Un tuto serait sympa


----------



## PokerChichi (3 Novembre 2011)

Je me permet de resortir le sujet pour éviter la création d'un nouveau sujet. 

J'aimerais également restaurer mon iPhone à partir d'une sauvegarde qui est dans l'iCloud. Est-on obligé de passer par iTunes ? Je n'ai pas trouvé de 'bouton' "Restaurer" dans mes paramètres de mon iPhone...

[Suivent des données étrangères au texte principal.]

(* Conservation of E makes the enzyme move against layer 1. *)
lemma enzyme_sign:
  assumes X: "BMSS Sbar S0 S1 F Y0 Y1" and X': "BMSS Sbar' S0' S1' F' Y0' Y1'"
  shows "sgn (S1' 0 - S1 0) = - sgn (S1' 1 - S1 1)"
proof -
  have one: "1 \<in> {1..n}" using layers by simp
  have "S1' 0 - S1 0 = - (gam 1 * (F' 1 * S1' 1 - F 1 * S1 1))"
    using bmss_enzyme[OF X] bmss_enzyme[OF X'] by (simp add: algebra_simps)
  then have "sgn (S1' 0 - S1 0) = - sgn (F' 1 * S1' 1 - F 1 * S1 1)"
    using coefficients_pos(1)[OF one] by (simp add: sgn_mult)
  with complex_sign[OF X X' one] show ?thesis by simp
qed

lemma layer_rigid:
  assumes X: "BMSS Sbar S0 S1 F Y0 Y1" and X': "BMSS Sbar' S0' S1' F' Y0' Y1'"
    and k: "k \<in> {1..n}"
  shows "rigid_layer n (\<lambda>j. Sbar' j - Sbar j) (\<lambda>j. S1' j - S1 j) k"
  unfolding rigid_layer_def
proof (intro impI)
  assume "0 \<le> Sbar' k - Sbar k \<and> S1' k - S1 k \<le> 0
    \<and> (k < n \<longrightarrow> S1' (k + 1) - S1 (k + 1) \<le> 0) \<and> 0 \<le> S1' (k - 1) - S1 (k - 1)"
  then have Sbar_le: "Sbar k \<le> Sbar' k" and S1_le: "S1' k \<le> S1 k"
    and next_le: "k < n \<Longrightarrow> S1' (k + 1) \<le> S1 (k + 1)" and enzyme_le: "S1 (k - 1) \<le> S1' (k - 1)"
    by auto
  define T where "T = (if k < n then gam (k + 1) * (F (k + 1) * S1 (k + 1)) else 0)"
  define T' where "T' = (if k < n then gam (k + 1) * (F' (k + 1) * S1' (k + 1)) else 0)"
  have next_sign: "sgn (F' (k + 1) * S1' (k + 1) - F (k + 1) * S1 (k + 1)) = sgn (S1' (k + 1) - S1 (k + 1))"
    if "k < n" using complex_sign[OF X X', of "k + 1"] that by simp
  have P_le: "F' k * S1' k \<le> F k * S1 k"
    using same_sign_iff(1)[OF complex_sign[OF X X' k]] S1_le by simp
  have T_le: "T' \<le> T"
  proof (cases "k < n")
    case True
    then have "F' (k + 1) * S1' (k + 1) \<le> F (k + 1) * S1 (k + 1)"
      using same_sign_iff(1)[OF next_sign] next_le by simp
    then show ?thesis
      using True coefficients_pos(1)[of "k + 1"] unfolding T_def T'_def by simp
  qed (simp add: T_def T'_def)
  have "Sbar k = Sbar' k \<and> S1' k = S1 k \<and> T' = T \<and> S1' (k - 1) = S1 (k - 1)"
    using coefficients_pos[OF k] bmss_S0_pos[OF X k] bmss_S1_pos[OF X, of "k - 1"] k
    by (intro layer_balance_rigid[OF _ _ _ _ bmss_layer(5)[OF X k, folded T_def]
          bmss_layer(5)[OF X' k, folded T'_def] bmss_layer(3)[OF X k] bmss_layer(3)[OF X' k]
          Sbar_le S1_le P_le T_le enzyme_le]) auto
  moreover have "S1' (k + 1) = S1 (k + 1)" if "k < n" "T' = T"
  proof -
    have "F' (k + 1) * S1' (k + 1) = F (k + 1) * S1 (k + 1)"
      using that coefficients_pos(1)[of "k + 1"] unfolding T_def T'_def by simp
    then show ?thesis using same_sign_iff(2)[OF next_sign[OF \<open>k < n\<close>]] by simp
  qed
  ultimately show "Sbar' k - Sbar k = 0 \<and> S1' k - S1 k = 0
    \<and> (k < n \<longrightarrow> S1' (k + 1) - S1 (k + 1) = 0) \<and> S1' (k - 1) - S1 (k - 1) = 0"
    by simp
qed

Quelle est la manipulation SVP ?


----------



## xavax (2 Janvier 2012)

Peut restaurer une partie de la souvegarde icloud? genre des fichiers mais pas les parametres?


----------



## modrellik (20 Février 2012)

Pareil pour moi,
Mon iPad rame, plante, etc, ...
J'ai une sauvegarde dans le cloud, mais je ne voudrais pas perdre toutes mes sauvegardes dejeux, mes paramétrages, etc.
Quelle est la manipulation svp?
Si on lit un post plus haut il apparaîtrait un bouton sur l'iPad après l'avoir restauré?
Mais on dit de ne pas le brancher sur iTunes, or le bouton restaurer apparaît dans iTunes.
Merci pour votre aide...
Dominique

Entretemps, j'ai trouvé la solution:
http://support.apple.com/kb/HT1766?viewlocale=fr_FR


----------